lemma medium_variation_imp_sum_variation_bounded:
  assumes "medium_variation I A \<phi>"
  obtains V where "sum_variation_bounded I A \<phi> V" "\<And>n. 0 \<le> V n" "(\<lambda>n. V n / real n) \<longlonglongrightarrow> 0"
proof -
  obtain D where D: "(\<lambda>n. D n powr (1 / real n)) \<longlonglongrightarrow> 1"
    and exp_le: "\<And>n w x y. w \<in> adm_words I A n \<Longrightarrow> x \<in> cylinder I A w \<Longrightarrow> y \<in> cylinder I A w \<Longrightarrow>
            exp (birkhoff_sum \<phi> n x - birkhoff_sum \<phi> n y) \<le> D n"
    using assms unfolding medium_variation_def by blast
  have le_ln: "t \<le> ln (max 1 d)" if "exp t \<le> d" for t d :: real
  proof -
    have "0 < d" using that exp_gt_zero[of t] by linarith
    then have "t \<le> ln d" using that by (metis exp_le_cancel_iff exp_ln)
    also have "\<dots> \<le> ln (max 1 d)" using \<open>0 < d\<close> by simp
    finally show ?thesis .
  qed
  have "sum_variation_bounded I A \<phi> (\<lambda>n. ln (max 1 (D n)))"
    unfolding sum_variation_bounded_def
  proof (intro allI ballI)
    fix n w x y assume "w \<in> adm_words I A n" "x \<in> cylinder I A w" "y \<in> cylinder I A w"
    then have "birkhoff_sum \<phi> n x - birkhoff_sum \<phi> n y \<le> ln (max 1 (D n))"
      "birkhoff_sum \<phi> n y - birkhoff_sum \<phi> n x \<le> ln (max 1 (D n))"
      by (blast intro: le_ln exp_le)+
    then show "\<bar>birkhoff_sum \<phi> n x - birkhoff_sum \<phi> n y\<bar> \<le> ln (max 1 (D n))" by linarith
  qed
  then show ?thesis using that ln_max_one_div_tendsto_zero[OF D] by simp
qed

lemma bdd_above_birkhoff_sum_cylinder:
  assumes "sum_variation_bounded I A \<phi> V"
  shows "bdd_above (birkhoff_sum \<phi> (length w) ` cylinder I A w)"
proof (cases "cylinder I A w = {}")
  case False
  then obtain y where y: "y \<in> cylinder I A w" by auto
  show ?thesis
  proof (rule bdd_aboveI2)
    fix x assume "x \<in> cylinder I A w"
    then show "birkhoff_sum \<phi> (length w) x \<le> birkhoff_sum \<phi> (length w) y + V (length w)"
      using sum_variation_boundedD[OF assms _ y] by (smt (verit))
  qed
qed simp

lemma cyl_weight_le_exp_mult:
  assumes le: "\<And>x. x \<in> cylinder I A w \<Longrightarrow> birkhoff_sum \<psi> (length w) x \<le> birkhoff_sum \<phi> (length w) x + \<Delta>"
    and bdd: "bdd_above (birkhoff_sum \<phi> (length w) ` cylinder I A w)"
  shows "cyl_weight I A \<psi> w \<le> ennreal (exp \<Delta>) * cyl_weight I A \<phi> w"
proof (cases "cylinder I A w = {}")
  case False
  let ?C = "cylinder I A w"
  have "(SUP x\<in>?C. birkhoff_sum \<psi> (length w) x) \<le> (SUP x\<in>?C. birkhoff_sum \<phi> (length w) x) + \<Delta>"
  proof (rule cSUP_least[OF False])
    fix x assume "x \<in> ?C"
    then show "birkhoff_sum \<psi> (length w) x \<le> (SUP x\<in>?C. birkhoff_sum \<phi> (length w) x) + \<Delta>"
      using le cSUP_upper[OF _ bdd] by (smt (verit))
  qed
  then have "exp (SUP x\<in>?C. birkhoff_sum \<psi> (length w) x)
      \<le> exp \<Delta> * exp (SUP x\<in>?C. birkhoff_sum \<phi> (length w) x)"
    by (simp add: exp_add[symmetric] add.commute)
  then show ?thesis using False by (simp add: cyl_weight_def ennreal_mult[symmetric] ennreal_leI)
qed (simp add: cyl_weight_def)

lemma infsum_cmult_right_ennreal:
  fixes f :: "'a \<Rightarrow> ennreal"
  assumes "c < top"
  shows "(\<Sum>\<^sub>\<infinity>x\<in>A. c * f x) = c * (\<Sum>\<^sub>\<infinity>x\<in>A. f x)"
proof -
  have "(f has_sum infsum f A) A" by (simp add: nonneg_summable_on_complete)
  then have "((\<lambda>F. c * sum f F) \<longlongrightarrow> c * infsum f A) (finite_subsets_at_top A)"
    unfolding has_sum_def by (rule ennreal_tendsto_cmult[OF assms])
  then have "((\<lambda>x. c * f x) has_sum (c * infsum f A)) A"
    by (simp add: has_sum_def sum_distrib_left)
  then show ?thesis by (rule infsumI)
qed

lemma infsum_cyl_weight_le_exp_mult:
  assumes le: "\<And>w x. w \<in> W \<Longrightarrow> x \<in> cylinder I A w \<Longrightarrow>
      birkhoff_sum \<psi> (length w) x \<le> birkhoff_sum \<phi> (length w) x + \<Delta>"
    and bdd: "\<And>w. bdd_above (birkhoff_sum \<phi> (length w) ` cylinder I A w)"
  shows "(\<Sum>\<^sub>\<infinity>w\<in>W. cyl_weight I A \<psi> w) \<le> ennreal (exp \<Delta>) * (\<Sum>\<^sub>\<infinity>w\<in>W. cyl_weight I A \<phi> w)"
proof -
  have "(\<Sum>\<^sub>\<infinity>w\<in>W. cyl_weight I A \<psi> w) \<le> (\<Sum>\<^sub>\<infinity>w\<in>W. ennreal (exp \<Delta>) * cyl_weight I A \<phi> w)"
    using le bdd by (intro infsum_mono cyl_weight_le_exp_mult) (auto intro: nonneg_summable_on_complete)
  also have "\<dots> = ennreal (exp \<Delta>) * (\<Sum>\<^sub>\<infinity>w\<in>W. cyl_weight I A \<phi> w)"
    by (rule infsum_cmult_right_ennreal) simp
  finally show ?thesis .
qed

lemma root_of_perturbed_constant_tendsto:
  fixes c :: "nat \<Rightarrow> real" and N :: "nat \<Rightarrow> nat"
  assumes c_pos: "\<And>n. 0 < c n" and c: "(\<lambda>n. c n powr (1 / (2 * real n))) \<longlonglongrightarrow> \<alpha>"
    and N: "(\<lambda>n. real (N n) / real n) \<longlonglongrightarrow> 0"
  shows "(\<lambda>n. (c n * exp (2 * a + (2 * real n + real (N n)) * b)) powr (1 / (2 * real n)))
           \<longlonglongrightarrow> \<alpha> * exp b"
proof -
  have eq: "(c n * exp (2 * a + (2 * real n + real (N n)) * b)) powr (1 / (2 * real n))
      = c n powr (1 / (2 * real n)) * exp (a / real n + b + real (N n) / real n * (b / 2))"
    if "1 \<le> n" for n
  proof -
    have "(2 * a + (2 * real n + real (N n)) * b) * (1 / (2 * real n))
        = a / real n + b + real (N n) / real n * (b / 2)"
      using that by (simp add: field_simps)
    moreover have "(c n * exp (2 * a + (2 * real n + real (N n)) * b)) powr (1 / (2 * real n))
        = c n powr (1 / (2 * real n)) * exp ((2 * a + (2 * real n + real (N n)) * b) * (1 / (2 * real n)))"
      using c_pos[of n] by (subst powr_mult) (auto simp: powr_def)
    ultimately show ?thesis by simp
  qed
  have "(\<lambda>n. c n powr (1 / (2 * real n)) * exp (a / real n + b + real (N n) / real n * (b / 2)))
      \<longlonglongrightarrow> \<alpha> * exp (0 + b + 0 * (b / 2))"
    by (intro tendsto_intros c N tendsto_divide_0[OF tendsto_const] filterlim_real_sequentially)
  then have "(\<lambda>n. c n powr (1 / (2 * real n)) * exp (a / real n + b + real (N n) / real n * (b / 2)))
      \<longlonglongrightarrow> \<alpha> * exp b" by simp
  then show ?thesis
    by (rule Lim_transform_eventually) (use eq in \<open>auto intro!: eventually_sequentiallyI[of 1]\<close>)
qed

lemma infsum_cyl_weight_ratio_perturb:
  assumes var: "sum_variation_bounded I A \<phi> V" and b: "0 \<le> b"
    and close: "\<And>w x. x \<in> cylinder I A w \<Longrightarrow>
       \<bar>birkhoff_sum \<psi> (length w) x - birkhoff_sum \<phi> (length w) x\<bar> \<le> a + b * real (length w)"
    and S: "\<And>w. w \<in> S \<Longrightarrow> real (length w) \<le> n" and T: "\<And>w. w \<in> T \<Longrightarrow> real (length w) \<le> m"
    and ratio: "(\<Sum>\<^sub>\<infinity>w\<in>S. cyl_weight I A \<phi> w) \<le> ennreal c * (\<Sum>\<^sub>\<infinity>w\<in>T. cyl_weight I A \<phi> w)"
    and c: "0 \<le> c"
  shows "(\<Sum>\<^sub>\<infinity>w\<in>S. cyl_weight I A \<psi> w)
    \<le> ennreal (c * exp (2 * a + (n + m) * b)) * (\<Sum>\<^sub>\<infinity>w\<in>T. cyl_weight I A \<psi> w)"
proof -
  have bdd_\<phi>: "bdd_above (birkhoff_sum \<phi> (length w) ` cylinder I A w)" for w
    using bdd_above_birkhoff_sum_cylinder[OF var] .
  have bdd_\<psi>: "bdd_above (birkhoff_sum \<psi> (length w) ` cylinder I A w)" for w
  proof -
    obtain M where "\<And>x. x \<in> cylinder I A w \<Longrightarrow> birkhoff_sum \<phi> (length w) x \<le> M"
      using bdd_\<phi>[of w] by (auto simp: bdd_above_def)
    then show ?thesis
      using close by (intro bdd_aboveI2[where M = "M + (a + b * real (length w))"]) (smt (verit))
  qed
  have close_le: "\<bar>birkhoff_sum \<psi> (length w) x - birkhoff_sum \<phi> (length w) x\<bar> \<le> a + b * k"
    if "x \<in> cylinder I A w" "real (length w) \<le> k" for w x k
    using close[OF that(1)] mult_left_mono[OF that(2) b] by linarith
  have "(\<Sum>\<^sub>\<infinity>w\<in>S. cyl_weight I A \<psi> w) \<le> ennreal (exp (a + b * n)) * (\<Sum>\<^sub>\<infinity>w\<in>S. cyl_weight I A \<phi> w)"
  proof (rule infsum_cyl_weight_le_exp_mult[OF _ bdd_\<phi>])
    fix w x assume "w \<in> S" "x \<in> cylinder I A w"
    from close_le[OF this(2) S[OF this(1)]]
    show "birkhoff_sum \<psi> (length w) x \<le> birkhoff_sum \<phi> (length w) x + (a + b * n)"
      by (simp add: abs_le_iff)
  qed
  also have "\<dots> \<le> ennreal (exp (a + b * n)) * (ennreal c * (\<Sum>\<^sub>\<infinity>w\<in>T. cyl_weight I A \<phi> w))"
    using ratio by (rule mult_left_mono) simp
  also have "(\<Sum>\<^sub>\<infinity>w\<in>T. cyl_weight I A \<phi> w)
      \<le> ennreal (exp (a + b * m)) * (\<Sum>\<^sub>\<infinity>w\<in>T. cyl_weight I A \<psi> w)"
  proof (rule infsum_cyl_weight_le_exp_mult[OF _ bdd_\<psi>])
    fix w x assume "w \<in> T" "x \<in> cylinder I A w"
    from close_le[OF this(2) T[OF this(1)]]
    show "birkhoff_sum \<phi> (length w) x \<le> birkhoff_sum \<psi> (length w) x + (a + b * m)"
      by (simp add: abs_le_iff)
  qed
  finally have "(\<Sum>\<^sub>\<infinity>w\<in>S. cyl_weight I A \<psi> w)
      \<le> ennreal (exp (a + b * n)) * (ennreal c * (ennreal (exp (a + b * m)) * (\<Sum>\<^sub>\<infinity>w\<in>T. cyl_weight I A \<psi> w)))"
    by (simp add: mult_left_mono)
  also have "\<dots> = ennreal (c * exp (2 * a + (n + m) * b)) * (\<Sum>\<^sub>\<infinity>w\<in>T. cyl_weight I A \<psi> w)"
  proof -
    have factor: "c * exp (2 * a + (n + m) * b) = exp (a + b * n) * c * exp (a + b * m)"
      by (simp add: exp_add[symmetric] algebra_simps)
    show ?thesis unfolding factor using c by (simp add: ennreal_mult mult.assoc)
  qed
  finally show ?thesis .
qed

══════════

TASK PROMPT:
Would you copy every line of the entries in which "fixes" appears?

OUTPUT OF THE EXERCISE:
  fixes f :: "'a \<Rightarrow> ennreal"
  fixes c :: "nat \<Rightarrow> real" and N :: "nat \<Rightarrow> nat"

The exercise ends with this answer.